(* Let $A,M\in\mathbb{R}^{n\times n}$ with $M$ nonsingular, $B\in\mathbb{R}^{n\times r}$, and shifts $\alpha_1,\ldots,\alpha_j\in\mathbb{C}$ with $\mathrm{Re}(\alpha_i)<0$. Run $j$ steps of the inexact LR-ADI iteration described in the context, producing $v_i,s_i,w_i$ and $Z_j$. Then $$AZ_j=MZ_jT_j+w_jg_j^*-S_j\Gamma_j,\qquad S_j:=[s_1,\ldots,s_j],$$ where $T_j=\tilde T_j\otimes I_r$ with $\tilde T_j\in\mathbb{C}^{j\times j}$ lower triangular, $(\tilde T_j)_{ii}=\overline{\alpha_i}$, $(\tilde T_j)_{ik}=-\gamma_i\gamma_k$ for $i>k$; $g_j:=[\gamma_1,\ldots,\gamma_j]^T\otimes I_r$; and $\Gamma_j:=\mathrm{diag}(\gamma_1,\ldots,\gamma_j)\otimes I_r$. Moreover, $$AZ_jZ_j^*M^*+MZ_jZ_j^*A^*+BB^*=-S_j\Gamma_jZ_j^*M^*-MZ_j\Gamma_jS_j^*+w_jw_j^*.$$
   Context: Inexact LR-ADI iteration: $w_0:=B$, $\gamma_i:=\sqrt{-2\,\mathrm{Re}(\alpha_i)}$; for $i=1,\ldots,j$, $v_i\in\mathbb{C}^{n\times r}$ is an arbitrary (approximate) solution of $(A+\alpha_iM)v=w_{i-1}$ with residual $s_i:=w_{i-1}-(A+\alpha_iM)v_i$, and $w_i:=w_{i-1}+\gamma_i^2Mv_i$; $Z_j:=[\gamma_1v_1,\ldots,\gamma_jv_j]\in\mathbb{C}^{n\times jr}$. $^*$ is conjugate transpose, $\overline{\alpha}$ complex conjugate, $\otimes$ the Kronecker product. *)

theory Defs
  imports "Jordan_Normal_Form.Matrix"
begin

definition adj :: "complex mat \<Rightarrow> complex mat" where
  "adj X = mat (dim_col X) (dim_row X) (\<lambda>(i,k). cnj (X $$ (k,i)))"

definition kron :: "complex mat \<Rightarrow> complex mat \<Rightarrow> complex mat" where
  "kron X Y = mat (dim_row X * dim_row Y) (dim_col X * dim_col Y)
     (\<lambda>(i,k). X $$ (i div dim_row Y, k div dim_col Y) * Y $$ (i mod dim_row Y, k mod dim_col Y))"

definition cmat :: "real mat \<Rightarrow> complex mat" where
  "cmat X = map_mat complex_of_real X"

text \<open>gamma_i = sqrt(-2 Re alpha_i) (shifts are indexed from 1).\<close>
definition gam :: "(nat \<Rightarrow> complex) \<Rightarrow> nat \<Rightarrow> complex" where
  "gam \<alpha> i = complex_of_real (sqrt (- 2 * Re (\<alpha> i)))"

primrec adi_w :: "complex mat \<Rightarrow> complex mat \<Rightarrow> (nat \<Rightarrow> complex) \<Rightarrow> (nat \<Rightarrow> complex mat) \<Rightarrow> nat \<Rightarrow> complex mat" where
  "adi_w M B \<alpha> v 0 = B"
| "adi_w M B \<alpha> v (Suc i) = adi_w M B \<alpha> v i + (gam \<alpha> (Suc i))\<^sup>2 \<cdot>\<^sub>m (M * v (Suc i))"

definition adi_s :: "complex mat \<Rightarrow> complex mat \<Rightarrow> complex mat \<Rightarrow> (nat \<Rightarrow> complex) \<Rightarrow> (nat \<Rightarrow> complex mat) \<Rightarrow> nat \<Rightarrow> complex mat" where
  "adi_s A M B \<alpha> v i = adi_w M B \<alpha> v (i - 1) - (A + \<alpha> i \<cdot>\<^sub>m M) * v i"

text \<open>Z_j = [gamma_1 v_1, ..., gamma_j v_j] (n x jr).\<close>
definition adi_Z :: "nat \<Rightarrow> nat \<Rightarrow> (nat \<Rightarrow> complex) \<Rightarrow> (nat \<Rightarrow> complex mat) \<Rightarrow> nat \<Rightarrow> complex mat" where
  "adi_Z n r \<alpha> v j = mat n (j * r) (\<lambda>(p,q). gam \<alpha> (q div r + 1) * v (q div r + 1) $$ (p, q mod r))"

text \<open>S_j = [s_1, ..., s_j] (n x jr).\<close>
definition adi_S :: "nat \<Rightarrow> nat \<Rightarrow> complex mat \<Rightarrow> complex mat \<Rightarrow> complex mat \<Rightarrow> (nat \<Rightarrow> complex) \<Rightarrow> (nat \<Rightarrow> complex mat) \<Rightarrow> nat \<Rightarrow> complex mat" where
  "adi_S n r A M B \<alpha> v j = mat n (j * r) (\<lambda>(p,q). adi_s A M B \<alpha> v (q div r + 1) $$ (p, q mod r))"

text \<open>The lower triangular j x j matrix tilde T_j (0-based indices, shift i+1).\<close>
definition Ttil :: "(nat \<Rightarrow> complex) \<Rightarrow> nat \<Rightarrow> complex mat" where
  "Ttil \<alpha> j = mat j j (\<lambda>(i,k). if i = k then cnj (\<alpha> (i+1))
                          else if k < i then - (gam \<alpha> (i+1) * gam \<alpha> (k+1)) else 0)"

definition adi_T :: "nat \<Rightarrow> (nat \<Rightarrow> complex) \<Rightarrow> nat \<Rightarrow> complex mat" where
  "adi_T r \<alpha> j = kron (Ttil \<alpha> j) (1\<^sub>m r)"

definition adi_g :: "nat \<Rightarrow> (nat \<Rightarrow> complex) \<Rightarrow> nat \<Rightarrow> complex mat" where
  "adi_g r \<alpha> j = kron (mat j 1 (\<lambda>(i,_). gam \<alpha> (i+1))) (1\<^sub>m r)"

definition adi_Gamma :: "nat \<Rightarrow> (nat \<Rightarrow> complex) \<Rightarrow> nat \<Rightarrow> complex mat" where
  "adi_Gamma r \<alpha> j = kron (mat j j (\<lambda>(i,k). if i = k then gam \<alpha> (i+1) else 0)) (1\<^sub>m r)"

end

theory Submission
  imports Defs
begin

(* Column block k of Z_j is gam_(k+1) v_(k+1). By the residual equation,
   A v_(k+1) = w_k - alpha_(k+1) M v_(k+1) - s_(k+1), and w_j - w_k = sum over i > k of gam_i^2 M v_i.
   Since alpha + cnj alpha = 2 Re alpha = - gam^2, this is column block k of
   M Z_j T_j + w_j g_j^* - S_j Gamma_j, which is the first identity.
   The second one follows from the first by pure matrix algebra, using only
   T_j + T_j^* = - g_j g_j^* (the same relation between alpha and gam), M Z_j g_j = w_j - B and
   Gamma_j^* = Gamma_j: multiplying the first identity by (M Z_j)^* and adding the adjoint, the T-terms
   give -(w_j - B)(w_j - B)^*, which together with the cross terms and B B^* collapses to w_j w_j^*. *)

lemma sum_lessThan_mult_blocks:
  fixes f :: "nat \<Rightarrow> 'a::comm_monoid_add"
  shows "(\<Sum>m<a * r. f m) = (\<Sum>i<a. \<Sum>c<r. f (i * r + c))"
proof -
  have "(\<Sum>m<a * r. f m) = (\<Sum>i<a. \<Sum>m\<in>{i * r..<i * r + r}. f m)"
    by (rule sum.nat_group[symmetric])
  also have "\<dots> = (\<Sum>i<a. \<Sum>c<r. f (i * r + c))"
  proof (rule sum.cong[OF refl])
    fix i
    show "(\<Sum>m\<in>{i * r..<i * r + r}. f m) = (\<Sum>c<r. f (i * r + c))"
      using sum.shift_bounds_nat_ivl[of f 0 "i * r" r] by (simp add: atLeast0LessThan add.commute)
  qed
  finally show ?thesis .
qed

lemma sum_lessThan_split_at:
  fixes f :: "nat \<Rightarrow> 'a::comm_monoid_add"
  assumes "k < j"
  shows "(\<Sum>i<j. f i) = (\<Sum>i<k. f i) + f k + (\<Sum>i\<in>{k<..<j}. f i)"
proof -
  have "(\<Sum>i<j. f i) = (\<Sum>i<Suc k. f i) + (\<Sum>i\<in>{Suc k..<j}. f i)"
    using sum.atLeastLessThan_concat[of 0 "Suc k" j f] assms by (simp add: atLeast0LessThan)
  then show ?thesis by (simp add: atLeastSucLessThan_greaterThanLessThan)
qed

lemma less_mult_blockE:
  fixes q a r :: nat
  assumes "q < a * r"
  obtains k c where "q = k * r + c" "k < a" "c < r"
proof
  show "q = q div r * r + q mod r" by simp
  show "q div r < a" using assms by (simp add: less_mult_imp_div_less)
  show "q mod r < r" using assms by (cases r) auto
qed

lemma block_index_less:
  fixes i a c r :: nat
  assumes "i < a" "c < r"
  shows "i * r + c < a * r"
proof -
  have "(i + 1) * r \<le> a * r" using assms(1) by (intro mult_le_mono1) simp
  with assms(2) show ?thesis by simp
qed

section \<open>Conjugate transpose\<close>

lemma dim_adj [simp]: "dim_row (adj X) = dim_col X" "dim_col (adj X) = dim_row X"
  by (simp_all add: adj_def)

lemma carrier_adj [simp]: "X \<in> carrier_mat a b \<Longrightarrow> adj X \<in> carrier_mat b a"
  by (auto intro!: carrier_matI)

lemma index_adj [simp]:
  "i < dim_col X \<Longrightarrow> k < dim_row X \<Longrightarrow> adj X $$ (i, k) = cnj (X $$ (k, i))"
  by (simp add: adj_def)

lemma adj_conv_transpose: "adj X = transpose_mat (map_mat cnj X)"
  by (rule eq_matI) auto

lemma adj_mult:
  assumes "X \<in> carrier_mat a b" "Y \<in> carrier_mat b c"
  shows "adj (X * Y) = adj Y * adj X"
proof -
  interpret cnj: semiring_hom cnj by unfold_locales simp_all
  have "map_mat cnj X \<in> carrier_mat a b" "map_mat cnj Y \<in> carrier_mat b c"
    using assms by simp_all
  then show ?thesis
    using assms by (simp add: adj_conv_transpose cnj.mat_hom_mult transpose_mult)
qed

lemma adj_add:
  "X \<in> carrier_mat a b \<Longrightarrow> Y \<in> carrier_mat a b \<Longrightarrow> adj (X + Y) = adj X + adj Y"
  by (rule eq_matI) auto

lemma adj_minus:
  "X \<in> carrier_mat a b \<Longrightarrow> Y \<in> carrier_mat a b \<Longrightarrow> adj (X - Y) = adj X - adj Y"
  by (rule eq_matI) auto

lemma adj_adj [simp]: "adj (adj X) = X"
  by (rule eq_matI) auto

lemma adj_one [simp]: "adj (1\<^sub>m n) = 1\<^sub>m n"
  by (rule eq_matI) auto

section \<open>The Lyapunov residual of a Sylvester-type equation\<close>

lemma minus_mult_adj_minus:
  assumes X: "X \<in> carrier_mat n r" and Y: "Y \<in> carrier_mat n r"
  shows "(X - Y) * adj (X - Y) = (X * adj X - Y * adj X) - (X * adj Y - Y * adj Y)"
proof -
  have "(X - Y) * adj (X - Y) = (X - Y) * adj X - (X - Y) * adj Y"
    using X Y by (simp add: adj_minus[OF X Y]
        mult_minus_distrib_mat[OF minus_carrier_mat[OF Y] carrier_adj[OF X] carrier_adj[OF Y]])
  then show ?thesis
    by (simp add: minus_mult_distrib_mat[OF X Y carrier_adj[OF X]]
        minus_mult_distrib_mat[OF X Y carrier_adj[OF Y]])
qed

_ _ _ _ _ _ _

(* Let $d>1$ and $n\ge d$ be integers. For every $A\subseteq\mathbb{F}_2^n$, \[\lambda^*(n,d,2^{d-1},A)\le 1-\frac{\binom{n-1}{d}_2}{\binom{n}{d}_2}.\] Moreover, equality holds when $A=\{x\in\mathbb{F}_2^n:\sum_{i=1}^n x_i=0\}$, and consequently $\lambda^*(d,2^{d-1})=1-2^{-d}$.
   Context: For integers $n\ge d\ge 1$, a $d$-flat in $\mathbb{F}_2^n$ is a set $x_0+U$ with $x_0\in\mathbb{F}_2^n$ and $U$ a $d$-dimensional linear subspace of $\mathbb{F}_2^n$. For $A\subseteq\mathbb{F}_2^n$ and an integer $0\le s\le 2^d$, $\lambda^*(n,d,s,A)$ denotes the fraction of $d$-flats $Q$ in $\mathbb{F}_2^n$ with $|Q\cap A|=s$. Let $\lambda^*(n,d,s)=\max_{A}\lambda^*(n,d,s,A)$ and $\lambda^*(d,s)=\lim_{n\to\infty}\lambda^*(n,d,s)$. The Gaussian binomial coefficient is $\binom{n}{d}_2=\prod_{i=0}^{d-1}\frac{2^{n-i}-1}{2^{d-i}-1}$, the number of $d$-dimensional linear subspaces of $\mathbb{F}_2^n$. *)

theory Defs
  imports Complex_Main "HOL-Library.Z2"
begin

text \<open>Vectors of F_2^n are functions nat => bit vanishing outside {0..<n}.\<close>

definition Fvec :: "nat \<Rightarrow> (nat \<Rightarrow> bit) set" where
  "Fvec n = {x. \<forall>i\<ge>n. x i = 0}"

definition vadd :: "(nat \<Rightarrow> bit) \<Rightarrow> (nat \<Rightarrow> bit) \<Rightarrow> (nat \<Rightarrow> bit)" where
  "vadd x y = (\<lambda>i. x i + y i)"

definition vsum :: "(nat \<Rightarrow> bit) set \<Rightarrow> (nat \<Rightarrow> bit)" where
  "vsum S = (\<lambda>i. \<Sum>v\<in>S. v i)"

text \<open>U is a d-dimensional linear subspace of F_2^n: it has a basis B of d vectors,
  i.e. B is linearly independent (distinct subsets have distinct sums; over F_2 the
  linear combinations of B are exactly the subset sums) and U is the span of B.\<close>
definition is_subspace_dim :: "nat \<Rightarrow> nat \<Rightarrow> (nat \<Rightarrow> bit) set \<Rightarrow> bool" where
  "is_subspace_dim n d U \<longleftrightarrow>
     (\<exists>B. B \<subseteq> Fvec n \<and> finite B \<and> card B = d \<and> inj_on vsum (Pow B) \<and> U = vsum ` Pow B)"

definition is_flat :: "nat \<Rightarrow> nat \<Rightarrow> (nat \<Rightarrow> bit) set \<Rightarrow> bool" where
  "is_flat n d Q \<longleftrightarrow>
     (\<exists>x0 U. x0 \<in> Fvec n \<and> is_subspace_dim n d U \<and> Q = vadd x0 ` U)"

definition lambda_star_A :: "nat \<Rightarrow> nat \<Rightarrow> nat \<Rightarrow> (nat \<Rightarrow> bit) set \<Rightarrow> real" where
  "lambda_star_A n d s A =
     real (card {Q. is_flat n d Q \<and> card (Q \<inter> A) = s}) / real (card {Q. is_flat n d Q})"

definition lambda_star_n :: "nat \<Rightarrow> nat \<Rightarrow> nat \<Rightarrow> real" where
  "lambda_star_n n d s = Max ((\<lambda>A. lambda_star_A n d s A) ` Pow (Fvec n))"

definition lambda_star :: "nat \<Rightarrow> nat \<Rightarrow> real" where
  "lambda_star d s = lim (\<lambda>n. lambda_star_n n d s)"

_ _ _ _ _ _ _

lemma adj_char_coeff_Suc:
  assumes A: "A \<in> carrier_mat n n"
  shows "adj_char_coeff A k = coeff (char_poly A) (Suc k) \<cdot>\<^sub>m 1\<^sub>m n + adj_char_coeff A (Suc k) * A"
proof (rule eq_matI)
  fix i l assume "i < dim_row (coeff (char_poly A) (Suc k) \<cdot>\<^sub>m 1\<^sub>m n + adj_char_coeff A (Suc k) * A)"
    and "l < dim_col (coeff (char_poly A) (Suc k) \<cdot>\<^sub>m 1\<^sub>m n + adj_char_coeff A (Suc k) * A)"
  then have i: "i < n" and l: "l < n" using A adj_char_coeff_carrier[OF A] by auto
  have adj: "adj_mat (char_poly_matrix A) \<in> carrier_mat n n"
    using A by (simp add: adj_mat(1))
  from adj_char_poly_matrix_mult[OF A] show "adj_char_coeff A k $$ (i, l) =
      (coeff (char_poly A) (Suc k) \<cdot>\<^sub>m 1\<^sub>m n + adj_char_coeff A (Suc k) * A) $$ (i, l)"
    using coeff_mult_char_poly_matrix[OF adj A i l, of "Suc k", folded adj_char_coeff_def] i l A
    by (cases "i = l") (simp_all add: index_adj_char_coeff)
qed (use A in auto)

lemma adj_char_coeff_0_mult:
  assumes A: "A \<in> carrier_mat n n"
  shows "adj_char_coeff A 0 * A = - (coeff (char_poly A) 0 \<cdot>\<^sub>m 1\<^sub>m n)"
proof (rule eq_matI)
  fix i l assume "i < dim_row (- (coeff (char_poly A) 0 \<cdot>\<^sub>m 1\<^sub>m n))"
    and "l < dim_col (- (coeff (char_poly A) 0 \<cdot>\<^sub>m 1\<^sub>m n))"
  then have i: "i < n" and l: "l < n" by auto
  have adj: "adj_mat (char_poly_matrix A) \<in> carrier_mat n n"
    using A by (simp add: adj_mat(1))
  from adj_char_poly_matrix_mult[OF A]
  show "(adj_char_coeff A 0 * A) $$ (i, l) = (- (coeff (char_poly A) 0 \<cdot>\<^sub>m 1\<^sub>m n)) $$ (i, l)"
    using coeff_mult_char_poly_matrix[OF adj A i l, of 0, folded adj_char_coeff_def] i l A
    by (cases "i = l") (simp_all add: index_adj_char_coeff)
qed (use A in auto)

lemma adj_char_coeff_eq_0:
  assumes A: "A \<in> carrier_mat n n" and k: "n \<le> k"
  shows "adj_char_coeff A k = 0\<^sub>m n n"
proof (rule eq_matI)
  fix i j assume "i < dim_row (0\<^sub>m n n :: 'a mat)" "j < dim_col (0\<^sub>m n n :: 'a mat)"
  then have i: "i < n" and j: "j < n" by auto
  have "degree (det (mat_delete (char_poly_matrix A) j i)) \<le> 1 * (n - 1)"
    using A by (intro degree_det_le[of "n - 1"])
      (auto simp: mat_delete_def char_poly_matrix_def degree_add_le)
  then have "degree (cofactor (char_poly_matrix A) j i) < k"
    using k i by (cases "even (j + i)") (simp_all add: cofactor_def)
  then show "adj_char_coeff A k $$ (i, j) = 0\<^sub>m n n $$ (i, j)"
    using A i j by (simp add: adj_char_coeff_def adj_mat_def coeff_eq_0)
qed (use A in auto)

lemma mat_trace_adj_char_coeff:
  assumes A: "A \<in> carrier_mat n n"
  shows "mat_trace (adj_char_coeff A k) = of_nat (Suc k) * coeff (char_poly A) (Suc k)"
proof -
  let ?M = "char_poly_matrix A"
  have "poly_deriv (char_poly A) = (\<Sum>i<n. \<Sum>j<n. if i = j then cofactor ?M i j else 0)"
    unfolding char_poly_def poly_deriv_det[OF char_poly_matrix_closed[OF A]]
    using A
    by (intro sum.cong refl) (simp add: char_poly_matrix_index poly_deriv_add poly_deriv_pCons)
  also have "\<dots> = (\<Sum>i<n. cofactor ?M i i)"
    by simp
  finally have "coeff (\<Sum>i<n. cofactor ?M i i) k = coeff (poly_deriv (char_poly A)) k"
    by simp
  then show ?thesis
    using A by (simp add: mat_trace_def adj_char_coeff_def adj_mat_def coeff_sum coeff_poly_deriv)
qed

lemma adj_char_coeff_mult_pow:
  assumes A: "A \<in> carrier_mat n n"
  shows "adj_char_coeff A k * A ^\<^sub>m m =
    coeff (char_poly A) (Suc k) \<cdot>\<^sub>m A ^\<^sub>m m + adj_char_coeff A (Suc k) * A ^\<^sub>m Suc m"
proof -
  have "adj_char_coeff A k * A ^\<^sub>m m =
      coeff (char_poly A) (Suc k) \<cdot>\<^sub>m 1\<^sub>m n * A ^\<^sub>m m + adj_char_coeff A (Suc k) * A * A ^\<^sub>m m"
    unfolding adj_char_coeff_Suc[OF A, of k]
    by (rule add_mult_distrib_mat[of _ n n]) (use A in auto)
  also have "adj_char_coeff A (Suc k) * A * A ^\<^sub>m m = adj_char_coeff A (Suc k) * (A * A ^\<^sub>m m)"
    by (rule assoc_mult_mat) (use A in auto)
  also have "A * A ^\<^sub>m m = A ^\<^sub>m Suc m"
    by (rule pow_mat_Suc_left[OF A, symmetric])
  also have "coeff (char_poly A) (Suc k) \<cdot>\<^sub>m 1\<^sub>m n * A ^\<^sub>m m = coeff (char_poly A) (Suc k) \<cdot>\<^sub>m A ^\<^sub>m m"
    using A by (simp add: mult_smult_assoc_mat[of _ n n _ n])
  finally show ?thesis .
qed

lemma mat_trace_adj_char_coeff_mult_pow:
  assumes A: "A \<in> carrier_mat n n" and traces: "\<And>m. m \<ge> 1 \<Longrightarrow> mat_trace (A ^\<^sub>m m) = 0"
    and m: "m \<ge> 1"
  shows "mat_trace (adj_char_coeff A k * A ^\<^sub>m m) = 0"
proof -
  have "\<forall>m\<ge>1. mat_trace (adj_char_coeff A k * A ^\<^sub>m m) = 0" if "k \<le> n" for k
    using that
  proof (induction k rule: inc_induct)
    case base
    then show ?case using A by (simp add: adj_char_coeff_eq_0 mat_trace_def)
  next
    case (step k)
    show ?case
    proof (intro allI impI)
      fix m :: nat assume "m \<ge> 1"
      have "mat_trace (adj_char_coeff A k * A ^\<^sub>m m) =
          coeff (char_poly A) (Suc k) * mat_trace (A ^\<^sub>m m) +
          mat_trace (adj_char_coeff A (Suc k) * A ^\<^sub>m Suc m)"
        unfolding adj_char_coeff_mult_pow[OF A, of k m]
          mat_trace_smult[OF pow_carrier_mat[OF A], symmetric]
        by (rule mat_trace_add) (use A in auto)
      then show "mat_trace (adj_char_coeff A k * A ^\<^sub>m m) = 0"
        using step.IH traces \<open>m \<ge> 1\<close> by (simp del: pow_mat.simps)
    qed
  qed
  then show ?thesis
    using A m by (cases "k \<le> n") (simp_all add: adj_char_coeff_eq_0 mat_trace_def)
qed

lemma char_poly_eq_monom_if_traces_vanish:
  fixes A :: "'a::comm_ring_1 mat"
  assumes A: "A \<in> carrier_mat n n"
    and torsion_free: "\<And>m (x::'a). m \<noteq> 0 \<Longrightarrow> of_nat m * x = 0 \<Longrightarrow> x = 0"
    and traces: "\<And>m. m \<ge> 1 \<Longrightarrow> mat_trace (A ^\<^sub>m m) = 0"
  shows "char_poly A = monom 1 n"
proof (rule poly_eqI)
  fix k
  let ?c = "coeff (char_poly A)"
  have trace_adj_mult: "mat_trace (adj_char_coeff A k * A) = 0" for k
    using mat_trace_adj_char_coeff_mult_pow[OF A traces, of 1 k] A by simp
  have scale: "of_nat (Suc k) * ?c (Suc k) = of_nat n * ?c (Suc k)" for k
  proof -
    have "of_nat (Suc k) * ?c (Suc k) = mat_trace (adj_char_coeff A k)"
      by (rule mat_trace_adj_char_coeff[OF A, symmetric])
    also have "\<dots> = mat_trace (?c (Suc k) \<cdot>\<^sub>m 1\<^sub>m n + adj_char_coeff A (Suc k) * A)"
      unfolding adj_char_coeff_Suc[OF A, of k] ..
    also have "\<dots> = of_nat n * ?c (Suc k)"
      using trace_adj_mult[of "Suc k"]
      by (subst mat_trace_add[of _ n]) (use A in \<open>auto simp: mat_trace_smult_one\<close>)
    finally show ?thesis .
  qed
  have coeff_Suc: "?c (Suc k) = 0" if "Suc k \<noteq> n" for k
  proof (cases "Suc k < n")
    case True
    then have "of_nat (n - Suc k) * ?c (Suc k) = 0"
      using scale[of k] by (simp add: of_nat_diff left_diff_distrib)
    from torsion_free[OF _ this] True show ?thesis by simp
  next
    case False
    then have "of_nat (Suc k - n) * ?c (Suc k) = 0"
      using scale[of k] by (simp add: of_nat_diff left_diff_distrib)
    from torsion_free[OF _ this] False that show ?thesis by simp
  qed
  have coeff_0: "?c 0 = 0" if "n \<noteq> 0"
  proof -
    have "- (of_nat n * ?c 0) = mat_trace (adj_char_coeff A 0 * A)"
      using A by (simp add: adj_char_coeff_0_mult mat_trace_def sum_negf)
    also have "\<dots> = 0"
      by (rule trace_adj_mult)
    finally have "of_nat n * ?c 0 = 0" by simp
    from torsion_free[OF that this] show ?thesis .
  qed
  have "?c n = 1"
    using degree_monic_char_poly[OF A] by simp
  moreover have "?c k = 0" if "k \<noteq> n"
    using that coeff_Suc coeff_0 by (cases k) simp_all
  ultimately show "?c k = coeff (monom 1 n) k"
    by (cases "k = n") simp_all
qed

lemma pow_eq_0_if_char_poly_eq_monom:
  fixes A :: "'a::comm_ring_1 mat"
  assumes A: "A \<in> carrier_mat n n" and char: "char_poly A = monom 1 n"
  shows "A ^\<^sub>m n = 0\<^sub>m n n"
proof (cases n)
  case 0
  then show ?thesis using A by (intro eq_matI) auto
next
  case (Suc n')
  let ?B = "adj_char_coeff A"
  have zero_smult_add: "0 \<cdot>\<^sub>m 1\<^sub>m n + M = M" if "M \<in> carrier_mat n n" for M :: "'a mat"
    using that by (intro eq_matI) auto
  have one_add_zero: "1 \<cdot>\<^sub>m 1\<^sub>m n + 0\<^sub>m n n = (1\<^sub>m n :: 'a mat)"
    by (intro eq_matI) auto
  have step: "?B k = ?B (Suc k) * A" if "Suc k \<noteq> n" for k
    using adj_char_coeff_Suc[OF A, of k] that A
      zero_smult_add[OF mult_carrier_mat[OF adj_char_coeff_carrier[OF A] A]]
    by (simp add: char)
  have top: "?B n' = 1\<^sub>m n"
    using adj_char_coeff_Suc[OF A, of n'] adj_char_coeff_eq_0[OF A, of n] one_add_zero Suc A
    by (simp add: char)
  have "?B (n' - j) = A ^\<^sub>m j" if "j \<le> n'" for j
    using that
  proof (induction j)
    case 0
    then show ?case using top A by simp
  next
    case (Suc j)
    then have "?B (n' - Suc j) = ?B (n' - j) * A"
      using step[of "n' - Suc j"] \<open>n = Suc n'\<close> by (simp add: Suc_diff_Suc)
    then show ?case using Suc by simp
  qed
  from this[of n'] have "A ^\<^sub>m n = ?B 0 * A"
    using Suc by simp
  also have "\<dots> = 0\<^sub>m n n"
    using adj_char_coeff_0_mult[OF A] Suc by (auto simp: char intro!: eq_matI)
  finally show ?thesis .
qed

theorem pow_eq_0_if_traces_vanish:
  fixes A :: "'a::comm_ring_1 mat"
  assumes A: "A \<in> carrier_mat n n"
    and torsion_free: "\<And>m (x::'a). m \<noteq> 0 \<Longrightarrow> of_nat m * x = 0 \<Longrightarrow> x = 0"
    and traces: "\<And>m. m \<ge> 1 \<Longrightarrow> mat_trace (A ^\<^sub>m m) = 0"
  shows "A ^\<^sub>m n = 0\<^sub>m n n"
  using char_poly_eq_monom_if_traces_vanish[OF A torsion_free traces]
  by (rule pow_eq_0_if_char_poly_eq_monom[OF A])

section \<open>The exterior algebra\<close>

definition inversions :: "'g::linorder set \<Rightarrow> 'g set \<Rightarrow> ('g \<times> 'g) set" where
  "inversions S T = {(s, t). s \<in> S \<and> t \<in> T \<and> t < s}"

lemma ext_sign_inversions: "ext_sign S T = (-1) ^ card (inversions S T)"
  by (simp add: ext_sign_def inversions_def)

_ _ _ _ _ _ _

YOUR INSTRUCTIONS
From the listing above, repeat exactly the lines starting at the line that includes "i.e. B is linearly" and ending at the line that includes "d U \<longleftrightarrow>", with nothing outside that span.

TASK RESULT
  i.e. B is linearly independent (distinct subsets have distinct sums; over F_2 the
  linear combinations of B are exactly the subset sums) and U is the span of B.\<close>
definition is_subspace_dim :: "nat \<Rightarrow> nat \<Rightarrow> (nat \<Rightarrow> bit) set \<Rightarrow> bool" where
  "is_subspace_dim n d U \<longleftrightarrow>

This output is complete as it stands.